● **Extracted information**:

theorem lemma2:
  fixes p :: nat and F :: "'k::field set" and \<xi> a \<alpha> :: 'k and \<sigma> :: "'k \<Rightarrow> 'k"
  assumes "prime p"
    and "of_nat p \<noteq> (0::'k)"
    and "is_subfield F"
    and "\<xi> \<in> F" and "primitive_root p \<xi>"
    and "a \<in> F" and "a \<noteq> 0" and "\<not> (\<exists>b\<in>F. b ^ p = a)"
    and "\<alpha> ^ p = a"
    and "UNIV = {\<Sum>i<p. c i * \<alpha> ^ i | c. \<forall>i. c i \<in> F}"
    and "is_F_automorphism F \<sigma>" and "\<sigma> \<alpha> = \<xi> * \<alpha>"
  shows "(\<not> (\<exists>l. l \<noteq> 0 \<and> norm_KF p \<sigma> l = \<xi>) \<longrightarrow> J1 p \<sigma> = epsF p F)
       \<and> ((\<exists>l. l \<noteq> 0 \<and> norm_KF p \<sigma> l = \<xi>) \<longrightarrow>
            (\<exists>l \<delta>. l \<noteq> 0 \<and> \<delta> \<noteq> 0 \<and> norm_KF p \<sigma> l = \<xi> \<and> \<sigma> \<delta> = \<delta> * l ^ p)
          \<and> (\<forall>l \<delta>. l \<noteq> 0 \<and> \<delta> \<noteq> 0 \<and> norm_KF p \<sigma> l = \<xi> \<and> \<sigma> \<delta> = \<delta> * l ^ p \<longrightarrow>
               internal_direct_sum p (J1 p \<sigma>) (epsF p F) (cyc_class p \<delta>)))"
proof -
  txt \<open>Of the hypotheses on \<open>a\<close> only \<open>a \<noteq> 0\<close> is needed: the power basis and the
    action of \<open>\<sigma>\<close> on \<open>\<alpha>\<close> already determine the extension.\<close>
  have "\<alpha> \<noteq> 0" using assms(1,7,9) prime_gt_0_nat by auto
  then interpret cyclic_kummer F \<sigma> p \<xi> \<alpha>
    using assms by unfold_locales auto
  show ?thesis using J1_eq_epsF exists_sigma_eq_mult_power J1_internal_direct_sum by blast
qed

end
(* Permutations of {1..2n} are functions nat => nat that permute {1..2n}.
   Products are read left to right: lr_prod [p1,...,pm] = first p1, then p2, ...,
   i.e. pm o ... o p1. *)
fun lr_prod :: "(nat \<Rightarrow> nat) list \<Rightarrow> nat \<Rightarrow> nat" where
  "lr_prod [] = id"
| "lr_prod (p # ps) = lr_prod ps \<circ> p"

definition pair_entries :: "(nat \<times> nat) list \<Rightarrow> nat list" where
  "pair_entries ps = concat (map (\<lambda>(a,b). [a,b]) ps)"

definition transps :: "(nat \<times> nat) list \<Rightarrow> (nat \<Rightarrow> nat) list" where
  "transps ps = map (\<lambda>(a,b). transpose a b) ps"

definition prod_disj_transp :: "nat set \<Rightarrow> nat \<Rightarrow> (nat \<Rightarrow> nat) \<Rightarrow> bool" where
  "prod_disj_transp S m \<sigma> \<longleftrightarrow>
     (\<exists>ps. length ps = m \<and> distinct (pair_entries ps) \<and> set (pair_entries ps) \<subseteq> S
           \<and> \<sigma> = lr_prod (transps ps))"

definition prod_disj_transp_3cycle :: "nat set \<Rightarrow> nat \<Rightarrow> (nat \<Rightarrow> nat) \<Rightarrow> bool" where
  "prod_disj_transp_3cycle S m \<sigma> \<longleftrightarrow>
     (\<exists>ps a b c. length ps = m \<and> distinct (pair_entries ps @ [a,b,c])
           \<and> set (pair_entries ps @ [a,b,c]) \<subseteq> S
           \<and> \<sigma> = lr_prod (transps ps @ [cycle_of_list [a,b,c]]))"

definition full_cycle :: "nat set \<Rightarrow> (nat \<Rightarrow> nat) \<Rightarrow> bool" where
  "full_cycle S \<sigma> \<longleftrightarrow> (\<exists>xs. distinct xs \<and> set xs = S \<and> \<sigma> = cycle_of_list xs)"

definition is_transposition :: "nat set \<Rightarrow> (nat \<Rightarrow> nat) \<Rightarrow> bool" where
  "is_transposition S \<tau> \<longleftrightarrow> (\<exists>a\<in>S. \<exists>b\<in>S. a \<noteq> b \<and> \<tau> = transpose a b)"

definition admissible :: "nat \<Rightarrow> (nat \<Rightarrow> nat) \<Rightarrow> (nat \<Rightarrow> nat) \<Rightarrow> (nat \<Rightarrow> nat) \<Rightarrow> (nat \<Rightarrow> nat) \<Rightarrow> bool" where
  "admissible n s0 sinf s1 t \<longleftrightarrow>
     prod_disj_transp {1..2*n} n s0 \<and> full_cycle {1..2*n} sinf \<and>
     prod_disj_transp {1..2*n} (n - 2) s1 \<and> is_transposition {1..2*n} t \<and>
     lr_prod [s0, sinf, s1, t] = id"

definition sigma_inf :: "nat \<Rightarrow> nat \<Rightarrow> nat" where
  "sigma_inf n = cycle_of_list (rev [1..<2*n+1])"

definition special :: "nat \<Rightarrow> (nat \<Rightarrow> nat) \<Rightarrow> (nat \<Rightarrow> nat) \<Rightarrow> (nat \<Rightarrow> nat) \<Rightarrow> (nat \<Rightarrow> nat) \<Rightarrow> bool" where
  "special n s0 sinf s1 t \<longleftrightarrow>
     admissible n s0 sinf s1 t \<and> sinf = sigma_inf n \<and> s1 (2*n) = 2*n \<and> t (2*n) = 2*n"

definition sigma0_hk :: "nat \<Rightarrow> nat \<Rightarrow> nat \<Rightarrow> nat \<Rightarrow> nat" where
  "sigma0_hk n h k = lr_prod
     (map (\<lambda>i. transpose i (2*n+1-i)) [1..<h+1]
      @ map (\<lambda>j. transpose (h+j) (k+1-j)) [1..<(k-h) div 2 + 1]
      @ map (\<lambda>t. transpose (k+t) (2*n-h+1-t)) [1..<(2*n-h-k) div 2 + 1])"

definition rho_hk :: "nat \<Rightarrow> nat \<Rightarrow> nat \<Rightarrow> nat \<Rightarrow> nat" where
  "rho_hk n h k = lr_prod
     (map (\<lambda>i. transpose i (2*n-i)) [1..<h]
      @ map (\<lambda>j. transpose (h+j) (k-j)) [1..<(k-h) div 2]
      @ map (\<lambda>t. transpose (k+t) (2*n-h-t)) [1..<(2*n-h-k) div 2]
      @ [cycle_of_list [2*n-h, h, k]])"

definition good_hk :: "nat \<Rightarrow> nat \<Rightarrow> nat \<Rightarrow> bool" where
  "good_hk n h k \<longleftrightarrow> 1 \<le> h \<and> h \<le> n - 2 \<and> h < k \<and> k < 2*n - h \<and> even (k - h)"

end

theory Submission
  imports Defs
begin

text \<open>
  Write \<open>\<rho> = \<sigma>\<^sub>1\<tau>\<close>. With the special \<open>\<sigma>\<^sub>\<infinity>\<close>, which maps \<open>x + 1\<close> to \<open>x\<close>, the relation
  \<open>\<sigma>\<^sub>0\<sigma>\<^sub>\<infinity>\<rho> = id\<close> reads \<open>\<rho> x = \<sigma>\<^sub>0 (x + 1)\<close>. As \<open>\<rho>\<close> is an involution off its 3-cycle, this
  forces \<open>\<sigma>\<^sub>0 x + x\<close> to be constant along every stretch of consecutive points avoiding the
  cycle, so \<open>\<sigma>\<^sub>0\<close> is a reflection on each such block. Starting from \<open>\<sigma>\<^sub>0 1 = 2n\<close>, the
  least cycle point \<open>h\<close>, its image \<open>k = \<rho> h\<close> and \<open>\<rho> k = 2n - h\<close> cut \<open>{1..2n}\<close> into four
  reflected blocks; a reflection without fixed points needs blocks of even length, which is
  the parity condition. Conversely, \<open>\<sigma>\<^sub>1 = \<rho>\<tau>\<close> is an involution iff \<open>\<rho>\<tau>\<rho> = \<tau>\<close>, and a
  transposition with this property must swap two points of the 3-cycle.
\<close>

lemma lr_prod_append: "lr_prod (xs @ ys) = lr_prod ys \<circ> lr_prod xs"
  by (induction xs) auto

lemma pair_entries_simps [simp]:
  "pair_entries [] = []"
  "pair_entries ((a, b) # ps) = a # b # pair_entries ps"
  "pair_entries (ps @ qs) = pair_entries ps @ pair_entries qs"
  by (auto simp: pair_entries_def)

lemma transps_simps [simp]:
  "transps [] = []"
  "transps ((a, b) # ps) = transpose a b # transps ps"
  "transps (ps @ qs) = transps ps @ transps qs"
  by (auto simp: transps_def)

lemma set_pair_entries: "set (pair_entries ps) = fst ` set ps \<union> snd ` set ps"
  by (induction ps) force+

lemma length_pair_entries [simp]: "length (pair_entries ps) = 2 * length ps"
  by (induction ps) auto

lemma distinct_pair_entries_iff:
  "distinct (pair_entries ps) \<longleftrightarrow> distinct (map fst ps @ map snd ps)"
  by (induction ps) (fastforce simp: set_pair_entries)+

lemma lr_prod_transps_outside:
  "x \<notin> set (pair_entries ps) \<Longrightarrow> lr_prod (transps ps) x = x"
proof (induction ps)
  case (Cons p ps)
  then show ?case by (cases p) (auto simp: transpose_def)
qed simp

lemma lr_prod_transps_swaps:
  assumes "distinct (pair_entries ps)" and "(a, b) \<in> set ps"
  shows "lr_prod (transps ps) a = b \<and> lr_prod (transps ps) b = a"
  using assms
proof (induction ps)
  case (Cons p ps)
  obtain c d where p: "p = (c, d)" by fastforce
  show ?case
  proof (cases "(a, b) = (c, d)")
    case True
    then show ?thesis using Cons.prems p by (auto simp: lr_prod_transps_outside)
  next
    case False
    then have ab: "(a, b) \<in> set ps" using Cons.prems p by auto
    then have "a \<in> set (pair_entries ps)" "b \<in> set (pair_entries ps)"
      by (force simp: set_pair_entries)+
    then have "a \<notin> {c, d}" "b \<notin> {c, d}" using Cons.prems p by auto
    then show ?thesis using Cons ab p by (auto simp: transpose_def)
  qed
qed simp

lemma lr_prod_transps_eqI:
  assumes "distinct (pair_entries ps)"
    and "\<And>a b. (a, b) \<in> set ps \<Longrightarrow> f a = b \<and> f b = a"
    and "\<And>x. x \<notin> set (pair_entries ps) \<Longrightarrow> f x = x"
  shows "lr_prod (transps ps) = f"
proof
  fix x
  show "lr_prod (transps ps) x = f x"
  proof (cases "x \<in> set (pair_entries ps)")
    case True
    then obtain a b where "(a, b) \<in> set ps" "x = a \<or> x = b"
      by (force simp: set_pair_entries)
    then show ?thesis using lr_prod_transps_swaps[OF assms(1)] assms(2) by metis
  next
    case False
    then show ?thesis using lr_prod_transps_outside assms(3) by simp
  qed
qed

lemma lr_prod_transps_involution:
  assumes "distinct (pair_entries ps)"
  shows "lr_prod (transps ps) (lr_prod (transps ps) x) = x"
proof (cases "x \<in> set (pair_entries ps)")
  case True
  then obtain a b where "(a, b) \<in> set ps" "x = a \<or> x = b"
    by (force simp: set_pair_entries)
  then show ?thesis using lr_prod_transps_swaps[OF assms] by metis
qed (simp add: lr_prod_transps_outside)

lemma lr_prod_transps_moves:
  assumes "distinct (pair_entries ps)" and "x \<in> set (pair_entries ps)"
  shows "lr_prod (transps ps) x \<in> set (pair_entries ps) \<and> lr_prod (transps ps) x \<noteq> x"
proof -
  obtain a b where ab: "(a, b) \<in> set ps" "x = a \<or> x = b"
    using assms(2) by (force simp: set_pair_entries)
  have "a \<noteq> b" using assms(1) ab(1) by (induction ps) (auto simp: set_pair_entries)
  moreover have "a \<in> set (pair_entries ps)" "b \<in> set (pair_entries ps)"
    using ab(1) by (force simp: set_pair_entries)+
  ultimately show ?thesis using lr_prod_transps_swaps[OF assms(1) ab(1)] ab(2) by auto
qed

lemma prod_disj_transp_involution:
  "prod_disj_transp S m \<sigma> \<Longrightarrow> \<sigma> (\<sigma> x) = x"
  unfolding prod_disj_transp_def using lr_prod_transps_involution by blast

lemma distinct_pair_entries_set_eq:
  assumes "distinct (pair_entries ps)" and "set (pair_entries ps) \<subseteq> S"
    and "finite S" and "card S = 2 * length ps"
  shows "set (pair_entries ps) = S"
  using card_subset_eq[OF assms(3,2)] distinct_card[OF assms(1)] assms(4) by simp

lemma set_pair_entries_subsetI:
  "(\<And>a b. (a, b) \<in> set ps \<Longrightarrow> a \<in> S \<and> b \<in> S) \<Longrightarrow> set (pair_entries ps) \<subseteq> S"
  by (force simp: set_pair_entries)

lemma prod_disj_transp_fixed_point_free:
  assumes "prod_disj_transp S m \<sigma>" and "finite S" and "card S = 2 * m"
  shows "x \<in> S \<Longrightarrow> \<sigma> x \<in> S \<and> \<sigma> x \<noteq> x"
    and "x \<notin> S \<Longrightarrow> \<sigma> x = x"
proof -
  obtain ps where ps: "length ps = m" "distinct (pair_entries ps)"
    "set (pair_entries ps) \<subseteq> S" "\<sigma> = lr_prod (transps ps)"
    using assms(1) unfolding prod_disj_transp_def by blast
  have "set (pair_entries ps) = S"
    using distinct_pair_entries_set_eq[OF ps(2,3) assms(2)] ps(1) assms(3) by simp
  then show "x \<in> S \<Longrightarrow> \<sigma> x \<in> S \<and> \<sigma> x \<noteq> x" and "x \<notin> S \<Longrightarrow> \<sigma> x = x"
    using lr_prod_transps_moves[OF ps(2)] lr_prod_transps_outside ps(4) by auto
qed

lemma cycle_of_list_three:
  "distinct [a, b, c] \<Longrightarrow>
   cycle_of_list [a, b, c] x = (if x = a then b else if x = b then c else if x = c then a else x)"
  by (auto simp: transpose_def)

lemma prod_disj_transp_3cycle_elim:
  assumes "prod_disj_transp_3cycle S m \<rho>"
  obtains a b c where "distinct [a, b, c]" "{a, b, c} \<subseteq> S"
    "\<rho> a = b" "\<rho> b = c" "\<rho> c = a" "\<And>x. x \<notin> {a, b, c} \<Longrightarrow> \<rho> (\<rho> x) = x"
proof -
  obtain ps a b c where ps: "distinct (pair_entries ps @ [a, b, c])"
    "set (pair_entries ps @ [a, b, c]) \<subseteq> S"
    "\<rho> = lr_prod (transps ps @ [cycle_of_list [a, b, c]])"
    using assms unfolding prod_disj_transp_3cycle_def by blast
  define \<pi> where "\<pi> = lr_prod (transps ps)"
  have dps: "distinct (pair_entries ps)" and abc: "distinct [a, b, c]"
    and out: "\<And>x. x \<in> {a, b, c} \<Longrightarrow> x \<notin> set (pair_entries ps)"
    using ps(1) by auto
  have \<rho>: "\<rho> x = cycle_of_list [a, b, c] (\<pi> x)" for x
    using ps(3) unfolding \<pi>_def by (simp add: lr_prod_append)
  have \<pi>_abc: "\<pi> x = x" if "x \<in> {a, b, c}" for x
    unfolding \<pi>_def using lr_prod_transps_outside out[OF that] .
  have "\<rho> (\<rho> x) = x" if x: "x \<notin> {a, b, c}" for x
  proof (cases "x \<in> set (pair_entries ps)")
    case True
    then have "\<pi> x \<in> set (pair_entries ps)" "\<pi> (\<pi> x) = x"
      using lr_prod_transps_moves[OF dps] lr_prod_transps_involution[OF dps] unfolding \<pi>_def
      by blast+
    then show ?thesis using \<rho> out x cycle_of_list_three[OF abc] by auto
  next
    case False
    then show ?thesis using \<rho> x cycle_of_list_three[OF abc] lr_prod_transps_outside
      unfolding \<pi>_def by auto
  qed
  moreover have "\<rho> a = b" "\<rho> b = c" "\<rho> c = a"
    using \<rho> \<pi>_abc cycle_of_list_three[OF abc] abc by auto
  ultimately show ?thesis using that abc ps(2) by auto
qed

● **Work instruction**: Return the lines of the listing where the string "that" appears.

● **Answer to the problem**:
(* Permutations of {1..2n} are functions nat => nat that permute {1..2n}.
    unfolding \<pi>_def using lr_prod_transps_outside out[OF that] .
  ultimately show ?thesis using that abc ps(2) by auto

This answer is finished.